Assignment: In the data that follows, find the line with "using Wx s parity_sign_cases[of"; transcribe it, every later line up to the one with "using ex_ne_0_of_output_weight_pos[OF pos]", and that line as well, exactly and with no others.

---+---

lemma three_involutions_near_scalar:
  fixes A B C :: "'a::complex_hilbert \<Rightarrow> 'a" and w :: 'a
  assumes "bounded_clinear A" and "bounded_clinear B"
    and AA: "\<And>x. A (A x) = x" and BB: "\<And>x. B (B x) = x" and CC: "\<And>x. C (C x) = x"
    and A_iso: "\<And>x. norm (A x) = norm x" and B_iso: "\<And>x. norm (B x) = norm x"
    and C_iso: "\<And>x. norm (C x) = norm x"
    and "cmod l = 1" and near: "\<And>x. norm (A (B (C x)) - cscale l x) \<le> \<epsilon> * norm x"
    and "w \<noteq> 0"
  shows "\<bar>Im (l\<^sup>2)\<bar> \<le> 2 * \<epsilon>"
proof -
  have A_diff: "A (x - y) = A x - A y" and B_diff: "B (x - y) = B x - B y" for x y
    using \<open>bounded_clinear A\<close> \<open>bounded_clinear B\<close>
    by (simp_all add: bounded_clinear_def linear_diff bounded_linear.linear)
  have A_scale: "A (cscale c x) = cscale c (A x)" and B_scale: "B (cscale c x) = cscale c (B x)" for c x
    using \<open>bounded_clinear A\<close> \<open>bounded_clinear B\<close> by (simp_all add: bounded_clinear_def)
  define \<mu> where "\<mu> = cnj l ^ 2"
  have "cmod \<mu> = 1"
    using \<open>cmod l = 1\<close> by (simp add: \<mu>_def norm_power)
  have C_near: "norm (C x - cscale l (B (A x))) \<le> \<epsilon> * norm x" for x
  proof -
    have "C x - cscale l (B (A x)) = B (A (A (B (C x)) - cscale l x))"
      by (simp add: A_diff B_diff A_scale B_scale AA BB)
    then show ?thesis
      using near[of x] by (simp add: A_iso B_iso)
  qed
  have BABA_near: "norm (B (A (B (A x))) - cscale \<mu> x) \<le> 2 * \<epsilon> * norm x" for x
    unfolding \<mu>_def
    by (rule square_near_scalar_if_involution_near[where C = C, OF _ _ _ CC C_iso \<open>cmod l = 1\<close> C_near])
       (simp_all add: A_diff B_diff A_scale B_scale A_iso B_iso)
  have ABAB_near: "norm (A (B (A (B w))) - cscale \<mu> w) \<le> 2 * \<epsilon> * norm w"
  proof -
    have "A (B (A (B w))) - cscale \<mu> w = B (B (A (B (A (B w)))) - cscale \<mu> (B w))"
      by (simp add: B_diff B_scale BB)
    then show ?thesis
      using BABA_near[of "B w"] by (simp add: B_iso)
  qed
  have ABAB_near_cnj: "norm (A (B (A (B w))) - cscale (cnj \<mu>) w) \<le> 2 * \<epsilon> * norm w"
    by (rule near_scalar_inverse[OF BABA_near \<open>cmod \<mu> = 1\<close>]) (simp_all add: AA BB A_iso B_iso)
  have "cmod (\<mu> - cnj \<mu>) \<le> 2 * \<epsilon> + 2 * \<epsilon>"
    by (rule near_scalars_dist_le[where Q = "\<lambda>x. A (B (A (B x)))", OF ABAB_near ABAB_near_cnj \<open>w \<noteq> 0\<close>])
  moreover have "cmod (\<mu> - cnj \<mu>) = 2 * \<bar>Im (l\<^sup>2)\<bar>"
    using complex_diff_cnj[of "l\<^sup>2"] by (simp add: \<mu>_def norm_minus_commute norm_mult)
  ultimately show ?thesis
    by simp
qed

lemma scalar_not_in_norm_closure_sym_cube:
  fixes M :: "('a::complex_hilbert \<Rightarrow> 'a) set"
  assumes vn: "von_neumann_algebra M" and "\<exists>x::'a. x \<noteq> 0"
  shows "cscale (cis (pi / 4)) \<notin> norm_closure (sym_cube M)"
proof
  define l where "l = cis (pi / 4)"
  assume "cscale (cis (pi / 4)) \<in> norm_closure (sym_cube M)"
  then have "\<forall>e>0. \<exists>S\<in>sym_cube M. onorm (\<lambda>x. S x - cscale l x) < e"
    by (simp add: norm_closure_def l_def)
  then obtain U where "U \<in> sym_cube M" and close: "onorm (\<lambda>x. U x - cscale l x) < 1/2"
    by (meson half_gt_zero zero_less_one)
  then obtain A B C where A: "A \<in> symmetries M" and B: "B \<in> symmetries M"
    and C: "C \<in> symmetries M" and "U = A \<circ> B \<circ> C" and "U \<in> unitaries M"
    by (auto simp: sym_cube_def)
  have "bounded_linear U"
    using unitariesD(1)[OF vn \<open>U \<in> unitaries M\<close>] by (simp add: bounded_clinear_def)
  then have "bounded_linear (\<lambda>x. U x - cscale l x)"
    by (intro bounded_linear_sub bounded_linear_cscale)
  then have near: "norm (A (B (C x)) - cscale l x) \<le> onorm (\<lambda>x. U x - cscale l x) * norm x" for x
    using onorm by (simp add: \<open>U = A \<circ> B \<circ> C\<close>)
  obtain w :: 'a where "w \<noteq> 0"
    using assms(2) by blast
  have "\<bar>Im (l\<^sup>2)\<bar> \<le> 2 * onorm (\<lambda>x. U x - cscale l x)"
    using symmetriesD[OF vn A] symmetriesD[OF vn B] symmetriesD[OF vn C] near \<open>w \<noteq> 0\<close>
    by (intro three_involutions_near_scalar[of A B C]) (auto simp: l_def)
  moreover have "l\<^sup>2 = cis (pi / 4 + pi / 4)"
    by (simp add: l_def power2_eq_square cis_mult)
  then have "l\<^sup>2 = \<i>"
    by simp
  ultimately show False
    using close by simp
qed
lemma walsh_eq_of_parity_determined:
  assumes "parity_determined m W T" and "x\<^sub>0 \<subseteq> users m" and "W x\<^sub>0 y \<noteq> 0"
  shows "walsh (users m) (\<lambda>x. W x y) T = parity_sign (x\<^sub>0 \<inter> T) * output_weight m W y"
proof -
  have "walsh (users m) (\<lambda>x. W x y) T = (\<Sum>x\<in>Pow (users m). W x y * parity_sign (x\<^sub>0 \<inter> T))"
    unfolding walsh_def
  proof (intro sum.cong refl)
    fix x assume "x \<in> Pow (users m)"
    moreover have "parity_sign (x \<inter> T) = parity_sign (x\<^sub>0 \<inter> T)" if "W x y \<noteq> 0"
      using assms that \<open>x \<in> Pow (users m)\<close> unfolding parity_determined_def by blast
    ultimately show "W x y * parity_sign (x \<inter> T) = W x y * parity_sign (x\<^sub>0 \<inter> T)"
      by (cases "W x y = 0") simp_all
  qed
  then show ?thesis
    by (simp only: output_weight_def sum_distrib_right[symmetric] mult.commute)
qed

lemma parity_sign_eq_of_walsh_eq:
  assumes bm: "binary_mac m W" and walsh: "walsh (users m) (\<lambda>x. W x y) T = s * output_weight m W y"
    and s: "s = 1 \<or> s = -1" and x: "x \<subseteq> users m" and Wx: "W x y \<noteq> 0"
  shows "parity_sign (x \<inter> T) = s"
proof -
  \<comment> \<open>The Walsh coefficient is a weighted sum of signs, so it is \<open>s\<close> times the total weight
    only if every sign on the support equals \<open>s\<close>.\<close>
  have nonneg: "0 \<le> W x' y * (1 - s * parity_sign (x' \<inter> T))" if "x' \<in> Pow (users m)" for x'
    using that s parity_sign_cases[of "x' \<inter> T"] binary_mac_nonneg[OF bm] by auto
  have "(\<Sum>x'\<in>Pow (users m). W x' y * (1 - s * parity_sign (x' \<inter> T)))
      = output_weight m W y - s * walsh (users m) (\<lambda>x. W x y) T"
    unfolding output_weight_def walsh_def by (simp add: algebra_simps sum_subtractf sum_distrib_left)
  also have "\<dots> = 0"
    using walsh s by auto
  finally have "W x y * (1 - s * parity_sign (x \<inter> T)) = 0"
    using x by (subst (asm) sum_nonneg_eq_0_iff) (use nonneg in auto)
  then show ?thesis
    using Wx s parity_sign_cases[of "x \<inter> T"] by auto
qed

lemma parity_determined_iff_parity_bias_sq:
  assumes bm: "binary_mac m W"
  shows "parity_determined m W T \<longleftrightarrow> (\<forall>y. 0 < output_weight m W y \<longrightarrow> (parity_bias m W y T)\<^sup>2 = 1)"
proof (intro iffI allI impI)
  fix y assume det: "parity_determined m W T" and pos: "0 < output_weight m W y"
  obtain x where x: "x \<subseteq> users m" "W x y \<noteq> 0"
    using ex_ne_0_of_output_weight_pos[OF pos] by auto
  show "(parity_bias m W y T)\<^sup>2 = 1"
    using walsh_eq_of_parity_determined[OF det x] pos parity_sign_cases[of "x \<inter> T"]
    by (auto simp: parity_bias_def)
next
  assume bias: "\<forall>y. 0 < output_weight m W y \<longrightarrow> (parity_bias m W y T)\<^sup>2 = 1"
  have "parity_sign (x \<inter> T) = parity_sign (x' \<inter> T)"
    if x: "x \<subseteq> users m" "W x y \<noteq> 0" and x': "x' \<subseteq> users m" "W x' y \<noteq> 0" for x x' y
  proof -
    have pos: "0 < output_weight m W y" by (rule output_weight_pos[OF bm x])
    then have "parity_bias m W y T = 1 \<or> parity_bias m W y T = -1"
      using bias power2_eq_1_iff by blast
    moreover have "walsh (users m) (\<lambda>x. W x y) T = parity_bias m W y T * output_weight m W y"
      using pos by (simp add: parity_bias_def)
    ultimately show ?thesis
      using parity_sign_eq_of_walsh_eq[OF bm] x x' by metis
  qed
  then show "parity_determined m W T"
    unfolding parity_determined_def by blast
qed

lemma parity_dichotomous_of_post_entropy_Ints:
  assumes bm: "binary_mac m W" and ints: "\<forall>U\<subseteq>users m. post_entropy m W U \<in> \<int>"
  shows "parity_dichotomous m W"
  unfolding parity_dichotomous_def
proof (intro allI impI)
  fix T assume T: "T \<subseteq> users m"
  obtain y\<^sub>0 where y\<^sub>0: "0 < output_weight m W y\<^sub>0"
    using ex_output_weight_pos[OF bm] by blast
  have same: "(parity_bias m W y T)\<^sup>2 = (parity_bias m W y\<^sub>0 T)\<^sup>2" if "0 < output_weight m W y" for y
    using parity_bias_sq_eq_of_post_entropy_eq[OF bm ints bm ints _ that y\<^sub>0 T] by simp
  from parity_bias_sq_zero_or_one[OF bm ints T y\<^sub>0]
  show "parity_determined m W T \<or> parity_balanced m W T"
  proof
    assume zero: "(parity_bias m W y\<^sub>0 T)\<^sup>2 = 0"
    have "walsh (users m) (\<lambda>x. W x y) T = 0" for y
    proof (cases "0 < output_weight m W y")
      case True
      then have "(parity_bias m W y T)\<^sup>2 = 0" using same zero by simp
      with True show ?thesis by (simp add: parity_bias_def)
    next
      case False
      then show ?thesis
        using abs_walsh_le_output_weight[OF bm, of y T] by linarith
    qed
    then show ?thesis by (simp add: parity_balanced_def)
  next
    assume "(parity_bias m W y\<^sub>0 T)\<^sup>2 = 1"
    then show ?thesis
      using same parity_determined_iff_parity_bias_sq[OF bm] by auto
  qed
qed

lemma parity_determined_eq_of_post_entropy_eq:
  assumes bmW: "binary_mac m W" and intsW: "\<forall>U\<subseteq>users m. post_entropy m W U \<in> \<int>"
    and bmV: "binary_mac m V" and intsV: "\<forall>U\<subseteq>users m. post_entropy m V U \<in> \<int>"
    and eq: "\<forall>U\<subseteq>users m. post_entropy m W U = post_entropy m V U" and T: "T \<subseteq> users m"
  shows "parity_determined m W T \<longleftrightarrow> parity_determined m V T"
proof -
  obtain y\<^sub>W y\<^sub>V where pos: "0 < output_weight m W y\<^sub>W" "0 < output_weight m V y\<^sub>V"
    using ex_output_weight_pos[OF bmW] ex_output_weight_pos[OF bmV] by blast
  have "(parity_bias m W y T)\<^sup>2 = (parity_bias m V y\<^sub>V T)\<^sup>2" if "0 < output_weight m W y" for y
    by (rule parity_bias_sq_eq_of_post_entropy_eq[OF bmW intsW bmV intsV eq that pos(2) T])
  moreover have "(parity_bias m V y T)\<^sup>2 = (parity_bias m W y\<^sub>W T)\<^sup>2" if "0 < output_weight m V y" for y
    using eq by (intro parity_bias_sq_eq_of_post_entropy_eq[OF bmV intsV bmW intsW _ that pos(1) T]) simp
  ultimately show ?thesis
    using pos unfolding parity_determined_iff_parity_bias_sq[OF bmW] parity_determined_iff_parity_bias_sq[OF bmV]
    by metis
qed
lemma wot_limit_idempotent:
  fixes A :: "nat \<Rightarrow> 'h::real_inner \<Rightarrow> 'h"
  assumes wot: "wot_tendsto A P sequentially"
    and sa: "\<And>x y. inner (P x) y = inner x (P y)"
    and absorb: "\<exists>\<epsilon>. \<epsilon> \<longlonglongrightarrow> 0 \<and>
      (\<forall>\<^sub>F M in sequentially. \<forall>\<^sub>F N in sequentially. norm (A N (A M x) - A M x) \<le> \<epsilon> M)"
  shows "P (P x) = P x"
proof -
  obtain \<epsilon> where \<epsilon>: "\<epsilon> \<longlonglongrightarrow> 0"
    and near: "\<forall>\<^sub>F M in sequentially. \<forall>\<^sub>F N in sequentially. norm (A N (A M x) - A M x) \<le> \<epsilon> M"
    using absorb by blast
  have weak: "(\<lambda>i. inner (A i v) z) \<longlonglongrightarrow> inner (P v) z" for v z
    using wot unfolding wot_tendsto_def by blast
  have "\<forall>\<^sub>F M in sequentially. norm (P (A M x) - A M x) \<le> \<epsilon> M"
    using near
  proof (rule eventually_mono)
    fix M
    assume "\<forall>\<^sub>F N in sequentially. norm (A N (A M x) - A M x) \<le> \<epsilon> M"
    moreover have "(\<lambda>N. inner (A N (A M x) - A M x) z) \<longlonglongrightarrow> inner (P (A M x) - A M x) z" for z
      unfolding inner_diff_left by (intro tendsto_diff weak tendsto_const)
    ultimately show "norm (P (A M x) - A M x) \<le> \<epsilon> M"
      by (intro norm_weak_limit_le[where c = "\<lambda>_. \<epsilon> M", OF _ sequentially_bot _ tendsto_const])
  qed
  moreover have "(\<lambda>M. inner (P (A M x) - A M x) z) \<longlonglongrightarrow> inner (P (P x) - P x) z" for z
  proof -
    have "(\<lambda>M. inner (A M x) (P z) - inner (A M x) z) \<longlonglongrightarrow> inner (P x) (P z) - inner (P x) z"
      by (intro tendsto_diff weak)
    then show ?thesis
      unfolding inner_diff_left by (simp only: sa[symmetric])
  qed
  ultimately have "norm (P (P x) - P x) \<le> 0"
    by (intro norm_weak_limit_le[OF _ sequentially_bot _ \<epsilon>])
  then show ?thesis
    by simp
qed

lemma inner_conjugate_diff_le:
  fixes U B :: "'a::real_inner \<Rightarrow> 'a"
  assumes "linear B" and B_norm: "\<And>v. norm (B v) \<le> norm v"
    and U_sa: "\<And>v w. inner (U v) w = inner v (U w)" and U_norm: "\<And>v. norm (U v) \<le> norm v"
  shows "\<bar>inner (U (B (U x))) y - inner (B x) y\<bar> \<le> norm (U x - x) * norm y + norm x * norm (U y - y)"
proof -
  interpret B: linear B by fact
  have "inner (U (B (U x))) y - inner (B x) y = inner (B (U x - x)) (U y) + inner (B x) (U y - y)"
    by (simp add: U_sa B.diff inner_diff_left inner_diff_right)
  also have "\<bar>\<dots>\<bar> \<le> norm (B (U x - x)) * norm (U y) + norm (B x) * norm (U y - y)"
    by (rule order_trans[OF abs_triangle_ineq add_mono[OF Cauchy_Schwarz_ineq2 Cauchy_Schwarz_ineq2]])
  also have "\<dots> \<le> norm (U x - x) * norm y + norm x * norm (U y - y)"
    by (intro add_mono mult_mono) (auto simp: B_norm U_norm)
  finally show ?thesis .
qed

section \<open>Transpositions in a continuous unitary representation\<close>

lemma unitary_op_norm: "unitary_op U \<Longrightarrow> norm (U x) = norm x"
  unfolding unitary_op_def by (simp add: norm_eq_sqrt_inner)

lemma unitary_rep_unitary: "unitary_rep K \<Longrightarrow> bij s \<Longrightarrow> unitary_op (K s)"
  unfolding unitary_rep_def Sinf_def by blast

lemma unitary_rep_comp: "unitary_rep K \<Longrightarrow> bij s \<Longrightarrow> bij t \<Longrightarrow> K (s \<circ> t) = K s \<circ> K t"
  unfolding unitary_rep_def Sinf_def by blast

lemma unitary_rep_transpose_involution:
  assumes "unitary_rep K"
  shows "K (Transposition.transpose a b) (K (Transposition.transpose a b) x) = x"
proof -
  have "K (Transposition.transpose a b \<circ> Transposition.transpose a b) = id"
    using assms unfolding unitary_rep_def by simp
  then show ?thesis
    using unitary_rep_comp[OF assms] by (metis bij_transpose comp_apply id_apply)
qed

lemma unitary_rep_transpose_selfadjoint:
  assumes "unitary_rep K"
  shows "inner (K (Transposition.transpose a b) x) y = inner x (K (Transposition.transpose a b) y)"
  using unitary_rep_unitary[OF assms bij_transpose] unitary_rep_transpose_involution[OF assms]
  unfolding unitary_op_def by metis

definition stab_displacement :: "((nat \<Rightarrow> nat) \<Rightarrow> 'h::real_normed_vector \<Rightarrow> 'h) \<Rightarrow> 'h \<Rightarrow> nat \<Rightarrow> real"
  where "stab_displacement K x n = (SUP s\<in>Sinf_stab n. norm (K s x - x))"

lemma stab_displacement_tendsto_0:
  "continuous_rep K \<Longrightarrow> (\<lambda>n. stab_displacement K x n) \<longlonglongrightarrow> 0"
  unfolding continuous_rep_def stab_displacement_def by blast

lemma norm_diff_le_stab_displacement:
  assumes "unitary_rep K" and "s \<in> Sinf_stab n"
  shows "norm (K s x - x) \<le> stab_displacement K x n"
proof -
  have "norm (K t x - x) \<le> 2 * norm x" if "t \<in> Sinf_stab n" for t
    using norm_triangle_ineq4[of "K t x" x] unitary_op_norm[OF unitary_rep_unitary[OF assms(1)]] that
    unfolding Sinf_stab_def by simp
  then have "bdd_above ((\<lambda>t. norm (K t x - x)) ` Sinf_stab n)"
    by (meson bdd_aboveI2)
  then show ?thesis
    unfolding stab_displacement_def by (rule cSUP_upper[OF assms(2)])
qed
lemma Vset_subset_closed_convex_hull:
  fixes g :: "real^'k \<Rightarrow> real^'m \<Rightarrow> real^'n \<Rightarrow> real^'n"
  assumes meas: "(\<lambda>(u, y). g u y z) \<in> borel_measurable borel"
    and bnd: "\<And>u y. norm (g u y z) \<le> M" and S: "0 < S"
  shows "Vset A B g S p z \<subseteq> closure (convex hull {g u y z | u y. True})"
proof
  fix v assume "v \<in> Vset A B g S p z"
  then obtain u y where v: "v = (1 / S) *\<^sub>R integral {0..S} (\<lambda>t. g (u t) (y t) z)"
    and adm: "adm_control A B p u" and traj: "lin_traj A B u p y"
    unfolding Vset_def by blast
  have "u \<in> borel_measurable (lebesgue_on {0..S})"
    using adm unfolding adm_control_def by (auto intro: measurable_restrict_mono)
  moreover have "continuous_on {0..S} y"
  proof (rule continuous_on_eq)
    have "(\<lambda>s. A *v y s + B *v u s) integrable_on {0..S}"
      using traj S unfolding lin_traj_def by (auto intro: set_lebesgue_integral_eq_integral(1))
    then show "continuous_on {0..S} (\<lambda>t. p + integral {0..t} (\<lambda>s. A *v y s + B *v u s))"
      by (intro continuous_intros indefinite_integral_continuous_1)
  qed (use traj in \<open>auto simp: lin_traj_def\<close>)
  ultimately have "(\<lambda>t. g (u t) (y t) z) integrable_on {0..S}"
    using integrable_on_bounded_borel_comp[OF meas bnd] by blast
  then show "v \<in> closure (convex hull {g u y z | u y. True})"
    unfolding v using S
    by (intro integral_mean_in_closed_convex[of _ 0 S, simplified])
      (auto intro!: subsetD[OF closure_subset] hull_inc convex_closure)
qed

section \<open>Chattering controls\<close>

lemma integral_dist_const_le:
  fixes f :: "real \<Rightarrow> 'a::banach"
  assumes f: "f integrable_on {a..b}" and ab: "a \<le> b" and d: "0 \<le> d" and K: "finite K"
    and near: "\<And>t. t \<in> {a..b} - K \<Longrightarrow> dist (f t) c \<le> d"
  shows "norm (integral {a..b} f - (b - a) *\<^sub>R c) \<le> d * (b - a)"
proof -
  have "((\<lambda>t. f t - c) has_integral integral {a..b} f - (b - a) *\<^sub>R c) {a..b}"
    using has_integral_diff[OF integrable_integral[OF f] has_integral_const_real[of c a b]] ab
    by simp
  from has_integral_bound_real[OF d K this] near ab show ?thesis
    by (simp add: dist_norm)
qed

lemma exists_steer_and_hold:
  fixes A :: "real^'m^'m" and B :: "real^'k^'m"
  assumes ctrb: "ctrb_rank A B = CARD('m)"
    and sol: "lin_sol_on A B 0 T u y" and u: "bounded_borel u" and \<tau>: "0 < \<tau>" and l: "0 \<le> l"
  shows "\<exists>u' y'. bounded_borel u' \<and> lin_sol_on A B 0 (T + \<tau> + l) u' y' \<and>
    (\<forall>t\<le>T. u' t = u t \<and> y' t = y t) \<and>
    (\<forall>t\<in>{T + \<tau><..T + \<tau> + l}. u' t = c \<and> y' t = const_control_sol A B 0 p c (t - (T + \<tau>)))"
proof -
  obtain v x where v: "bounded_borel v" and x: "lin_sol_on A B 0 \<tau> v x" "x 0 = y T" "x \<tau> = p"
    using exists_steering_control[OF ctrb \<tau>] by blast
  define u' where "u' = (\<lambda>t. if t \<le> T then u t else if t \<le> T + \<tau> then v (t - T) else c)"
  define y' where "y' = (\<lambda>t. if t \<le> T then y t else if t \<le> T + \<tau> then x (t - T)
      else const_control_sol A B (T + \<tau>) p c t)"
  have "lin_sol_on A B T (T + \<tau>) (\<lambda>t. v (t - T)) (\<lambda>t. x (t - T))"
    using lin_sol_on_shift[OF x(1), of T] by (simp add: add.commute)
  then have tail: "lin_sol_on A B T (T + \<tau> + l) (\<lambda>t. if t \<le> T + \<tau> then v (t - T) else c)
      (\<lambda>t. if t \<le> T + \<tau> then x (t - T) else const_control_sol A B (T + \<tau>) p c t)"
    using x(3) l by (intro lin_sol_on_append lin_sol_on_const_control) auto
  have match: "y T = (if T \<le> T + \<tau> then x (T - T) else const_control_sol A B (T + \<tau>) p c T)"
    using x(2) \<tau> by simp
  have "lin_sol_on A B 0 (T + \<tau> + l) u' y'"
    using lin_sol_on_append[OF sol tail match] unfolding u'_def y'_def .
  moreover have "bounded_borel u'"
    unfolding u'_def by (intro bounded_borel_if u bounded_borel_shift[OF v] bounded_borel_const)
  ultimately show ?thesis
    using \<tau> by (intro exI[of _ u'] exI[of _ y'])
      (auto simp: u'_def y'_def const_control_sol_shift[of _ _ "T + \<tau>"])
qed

---+---

Final answer:
    using Wx s parity_sign_cases[of "x \<inter> T"] by auto
qed

lemma parity_determined_iff_parity_bias_sq:
  assumes bm: "binary_mac m W"
  shows "parity_determined m W T \<longleftrightarrow> (\<forall>y. 0 < output_weight m W y \<longrightarrow> (parity_bias m W y T)\<^sup>2 = 1)"
proof (intro iffI allI impI)
  fix y assume det: "parity_determined m W T" and pos: "0 < output_weight m W y"
  obtain x where x: "x \<subseteq> users m" "W x y \<noteq> 0"
    using ex_ne_0_of_output_weight_pos[OF pos] by auto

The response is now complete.